DATASET EXCERPTS =
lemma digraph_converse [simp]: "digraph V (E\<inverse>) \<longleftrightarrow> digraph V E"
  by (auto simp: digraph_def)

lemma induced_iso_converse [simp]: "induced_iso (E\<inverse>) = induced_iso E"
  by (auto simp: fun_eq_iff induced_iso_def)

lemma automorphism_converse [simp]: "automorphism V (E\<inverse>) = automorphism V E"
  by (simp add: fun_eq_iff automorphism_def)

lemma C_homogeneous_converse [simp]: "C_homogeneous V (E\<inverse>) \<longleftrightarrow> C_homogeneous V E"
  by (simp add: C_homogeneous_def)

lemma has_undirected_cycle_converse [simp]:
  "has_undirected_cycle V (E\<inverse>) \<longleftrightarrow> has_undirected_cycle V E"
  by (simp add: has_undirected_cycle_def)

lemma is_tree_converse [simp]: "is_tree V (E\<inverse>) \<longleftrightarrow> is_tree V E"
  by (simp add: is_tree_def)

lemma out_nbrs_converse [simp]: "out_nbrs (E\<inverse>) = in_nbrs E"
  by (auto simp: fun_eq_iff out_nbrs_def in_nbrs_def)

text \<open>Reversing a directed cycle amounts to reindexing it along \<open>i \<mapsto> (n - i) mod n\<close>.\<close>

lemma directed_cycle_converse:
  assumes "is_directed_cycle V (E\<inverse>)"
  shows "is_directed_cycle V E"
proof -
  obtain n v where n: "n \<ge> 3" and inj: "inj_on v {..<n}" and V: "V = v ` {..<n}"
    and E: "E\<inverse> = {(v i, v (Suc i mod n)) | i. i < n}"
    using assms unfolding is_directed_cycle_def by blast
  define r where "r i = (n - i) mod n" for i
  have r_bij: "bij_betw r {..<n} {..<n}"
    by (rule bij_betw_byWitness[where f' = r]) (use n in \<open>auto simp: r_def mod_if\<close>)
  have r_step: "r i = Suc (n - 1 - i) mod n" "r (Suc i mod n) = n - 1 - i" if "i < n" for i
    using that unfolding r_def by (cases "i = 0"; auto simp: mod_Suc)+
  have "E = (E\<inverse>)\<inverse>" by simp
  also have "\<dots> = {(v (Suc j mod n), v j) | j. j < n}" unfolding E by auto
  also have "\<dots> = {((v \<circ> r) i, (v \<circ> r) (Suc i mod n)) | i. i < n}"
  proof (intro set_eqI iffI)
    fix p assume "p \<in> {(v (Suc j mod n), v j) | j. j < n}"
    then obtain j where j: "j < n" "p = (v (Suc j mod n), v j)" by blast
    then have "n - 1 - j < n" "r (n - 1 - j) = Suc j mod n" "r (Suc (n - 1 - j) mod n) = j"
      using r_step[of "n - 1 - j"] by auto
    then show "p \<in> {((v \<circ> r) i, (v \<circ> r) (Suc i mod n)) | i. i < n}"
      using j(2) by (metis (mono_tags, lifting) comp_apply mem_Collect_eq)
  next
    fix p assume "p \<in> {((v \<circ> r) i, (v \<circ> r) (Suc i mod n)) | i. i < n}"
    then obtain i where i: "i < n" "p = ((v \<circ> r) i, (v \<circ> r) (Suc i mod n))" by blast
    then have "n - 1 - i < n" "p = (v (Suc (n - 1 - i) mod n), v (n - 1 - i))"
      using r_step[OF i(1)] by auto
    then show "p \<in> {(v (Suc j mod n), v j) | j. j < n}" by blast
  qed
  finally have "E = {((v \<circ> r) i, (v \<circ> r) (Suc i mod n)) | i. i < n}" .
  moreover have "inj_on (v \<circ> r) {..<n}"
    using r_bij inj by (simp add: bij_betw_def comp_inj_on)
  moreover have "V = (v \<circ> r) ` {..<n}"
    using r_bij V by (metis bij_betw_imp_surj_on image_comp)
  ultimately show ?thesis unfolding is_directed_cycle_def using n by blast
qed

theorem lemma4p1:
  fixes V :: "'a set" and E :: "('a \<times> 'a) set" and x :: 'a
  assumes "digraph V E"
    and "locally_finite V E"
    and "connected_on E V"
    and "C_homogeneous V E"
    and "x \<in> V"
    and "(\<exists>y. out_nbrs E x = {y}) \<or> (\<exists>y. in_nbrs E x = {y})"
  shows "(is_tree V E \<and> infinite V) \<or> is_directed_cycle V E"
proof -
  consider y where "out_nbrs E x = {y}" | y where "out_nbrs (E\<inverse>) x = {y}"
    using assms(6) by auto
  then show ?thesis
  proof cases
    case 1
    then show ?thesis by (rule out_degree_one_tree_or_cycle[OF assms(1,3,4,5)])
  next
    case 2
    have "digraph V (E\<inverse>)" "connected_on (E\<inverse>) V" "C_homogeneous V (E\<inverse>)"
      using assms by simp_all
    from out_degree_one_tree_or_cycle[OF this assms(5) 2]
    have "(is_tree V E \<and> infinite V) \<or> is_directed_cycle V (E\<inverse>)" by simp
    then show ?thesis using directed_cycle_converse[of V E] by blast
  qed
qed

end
* * *
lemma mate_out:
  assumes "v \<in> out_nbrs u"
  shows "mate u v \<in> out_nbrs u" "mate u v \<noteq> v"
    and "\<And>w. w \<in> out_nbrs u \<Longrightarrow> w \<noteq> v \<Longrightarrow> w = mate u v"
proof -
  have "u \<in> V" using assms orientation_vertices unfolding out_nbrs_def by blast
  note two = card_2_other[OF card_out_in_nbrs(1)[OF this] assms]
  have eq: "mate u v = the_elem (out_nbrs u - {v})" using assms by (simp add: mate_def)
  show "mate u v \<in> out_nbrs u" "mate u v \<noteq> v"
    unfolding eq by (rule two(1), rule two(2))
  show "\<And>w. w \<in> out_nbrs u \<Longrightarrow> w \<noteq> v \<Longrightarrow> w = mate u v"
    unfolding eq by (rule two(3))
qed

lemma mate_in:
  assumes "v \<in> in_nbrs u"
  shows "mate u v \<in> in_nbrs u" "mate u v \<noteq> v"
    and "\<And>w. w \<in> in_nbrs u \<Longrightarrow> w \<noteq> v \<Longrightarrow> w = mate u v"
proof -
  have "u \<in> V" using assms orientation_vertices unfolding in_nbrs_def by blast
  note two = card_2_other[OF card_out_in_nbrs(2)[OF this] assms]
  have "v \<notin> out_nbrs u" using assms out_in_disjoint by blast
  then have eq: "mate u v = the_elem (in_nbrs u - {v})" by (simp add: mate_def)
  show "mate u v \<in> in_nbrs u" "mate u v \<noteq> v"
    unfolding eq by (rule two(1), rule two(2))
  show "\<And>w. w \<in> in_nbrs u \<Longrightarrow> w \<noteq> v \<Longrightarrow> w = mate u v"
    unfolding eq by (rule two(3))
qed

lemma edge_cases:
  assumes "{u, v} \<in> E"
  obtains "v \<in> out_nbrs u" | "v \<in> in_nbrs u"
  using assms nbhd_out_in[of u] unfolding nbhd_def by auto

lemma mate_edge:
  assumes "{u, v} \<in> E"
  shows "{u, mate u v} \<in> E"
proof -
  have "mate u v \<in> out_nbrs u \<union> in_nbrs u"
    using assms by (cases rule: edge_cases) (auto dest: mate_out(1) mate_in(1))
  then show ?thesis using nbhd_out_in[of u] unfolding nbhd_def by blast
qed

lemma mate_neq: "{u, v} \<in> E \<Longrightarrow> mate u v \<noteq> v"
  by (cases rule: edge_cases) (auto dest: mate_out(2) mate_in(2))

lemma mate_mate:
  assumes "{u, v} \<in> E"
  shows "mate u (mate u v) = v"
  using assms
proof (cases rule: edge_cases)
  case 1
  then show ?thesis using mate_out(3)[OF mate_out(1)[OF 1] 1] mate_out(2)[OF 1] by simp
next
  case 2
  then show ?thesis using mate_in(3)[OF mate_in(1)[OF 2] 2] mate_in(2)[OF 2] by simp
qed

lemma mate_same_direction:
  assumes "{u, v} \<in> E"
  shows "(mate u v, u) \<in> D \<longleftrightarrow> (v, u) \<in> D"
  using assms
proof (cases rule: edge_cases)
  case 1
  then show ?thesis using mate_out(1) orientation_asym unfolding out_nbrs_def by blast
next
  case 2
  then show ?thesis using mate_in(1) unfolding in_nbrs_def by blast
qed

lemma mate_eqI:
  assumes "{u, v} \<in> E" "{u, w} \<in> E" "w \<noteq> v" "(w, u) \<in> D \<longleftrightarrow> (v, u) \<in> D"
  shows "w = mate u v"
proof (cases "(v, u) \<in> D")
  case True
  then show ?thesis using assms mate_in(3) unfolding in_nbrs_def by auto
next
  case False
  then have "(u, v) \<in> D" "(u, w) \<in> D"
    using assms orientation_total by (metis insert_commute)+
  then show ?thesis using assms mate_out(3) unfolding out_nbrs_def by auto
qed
...
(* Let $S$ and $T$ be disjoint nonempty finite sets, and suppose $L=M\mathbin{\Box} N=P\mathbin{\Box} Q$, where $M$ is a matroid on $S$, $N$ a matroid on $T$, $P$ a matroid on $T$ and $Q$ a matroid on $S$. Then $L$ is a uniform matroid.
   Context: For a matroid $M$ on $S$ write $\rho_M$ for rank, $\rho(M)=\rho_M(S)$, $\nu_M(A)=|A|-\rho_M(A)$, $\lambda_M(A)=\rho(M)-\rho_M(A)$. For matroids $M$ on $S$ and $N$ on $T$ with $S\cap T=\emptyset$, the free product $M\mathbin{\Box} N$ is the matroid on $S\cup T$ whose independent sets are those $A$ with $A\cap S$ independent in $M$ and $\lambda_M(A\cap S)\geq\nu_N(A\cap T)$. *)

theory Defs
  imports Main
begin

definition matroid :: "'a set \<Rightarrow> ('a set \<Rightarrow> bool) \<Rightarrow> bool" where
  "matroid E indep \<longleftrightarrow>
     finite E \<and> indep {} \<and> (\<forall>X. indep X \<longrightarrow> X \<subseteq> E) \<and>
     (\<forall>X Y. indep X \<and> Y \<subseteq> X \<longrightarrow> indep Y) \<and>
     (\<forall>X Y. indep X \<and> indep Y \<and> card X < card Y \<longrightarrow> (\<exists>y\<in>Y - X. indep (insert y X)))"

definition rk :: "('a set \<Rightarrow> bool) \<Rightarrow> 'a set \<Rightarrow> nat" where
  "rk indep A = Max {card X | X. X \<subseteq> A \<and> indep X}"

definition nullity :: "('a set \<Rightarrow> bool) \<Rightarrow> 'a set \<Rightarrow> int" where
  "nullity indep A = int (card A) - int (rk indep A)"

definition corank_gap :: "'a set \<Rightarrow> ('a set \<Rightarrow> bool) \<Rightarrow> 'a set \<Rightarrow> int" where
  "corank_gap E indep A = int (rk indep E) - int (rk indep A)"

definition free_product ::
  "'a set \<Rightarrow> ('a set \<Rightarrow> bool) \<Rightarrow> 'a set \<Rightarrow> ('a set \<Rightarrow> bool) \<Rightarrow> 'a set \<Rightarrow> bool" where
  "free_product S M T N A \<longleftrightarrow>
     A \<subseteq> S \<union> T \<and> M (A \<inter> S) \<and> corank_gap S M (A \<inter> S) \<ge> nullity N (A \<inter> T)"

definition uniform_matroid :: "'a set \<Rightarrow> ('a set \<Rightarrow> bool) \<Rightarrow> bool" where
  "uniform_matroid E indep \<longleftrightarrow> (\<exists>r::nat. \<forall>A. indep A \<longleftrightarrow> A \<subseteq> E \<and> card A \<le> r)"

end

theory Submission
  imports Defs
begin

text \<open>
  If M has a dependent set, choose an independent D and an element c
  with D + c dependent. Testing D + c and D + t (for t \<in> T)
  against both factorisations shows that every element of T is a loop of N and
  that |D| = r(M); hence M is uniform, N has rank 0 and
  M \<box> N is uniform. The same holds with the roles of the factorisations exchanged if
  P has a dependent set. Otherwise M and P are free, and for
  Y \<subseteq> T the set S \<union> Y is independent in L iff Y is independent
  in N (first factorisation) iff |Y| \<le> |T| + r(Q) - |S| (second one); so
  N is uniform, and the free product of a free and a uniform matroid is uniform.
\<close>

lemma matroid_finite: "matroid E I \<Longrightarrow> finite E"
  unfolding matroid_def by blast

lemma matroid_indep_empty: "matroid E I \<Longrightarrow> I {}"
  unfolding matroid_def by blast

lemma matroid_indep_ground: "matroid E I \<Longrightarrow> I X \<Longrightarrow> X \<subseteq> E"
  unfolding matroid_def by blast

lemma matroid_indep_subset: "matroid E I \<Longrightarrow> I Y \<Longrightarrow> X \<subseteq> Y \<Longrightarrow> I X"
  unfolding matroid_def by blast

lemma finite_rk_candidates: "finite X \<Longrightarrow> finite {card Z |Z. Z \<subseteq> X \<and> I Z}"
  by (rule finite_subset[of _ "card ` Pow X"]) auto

INSTRUCTIONS FOR THE TASK = Reproduce word for word the material above, starting with the line that has "(E\<inverse>) = induced_iso" and stopping after the line that has "by (simp add: fun_eq_iff automorphism_def)".

WRITTEN RESPONSE =
lemma induced_iso_converse [simp]: "induced_iso (E\<inverse>) = induced_iso E"
  by (auto simp: fun_eq_iff induced_iso_def)

lemma automorphism_converse [simp]: "automorphism V (E\<inverse>) = automorphism V E"
  by (simp add: fun_eq_iff automorphism_def)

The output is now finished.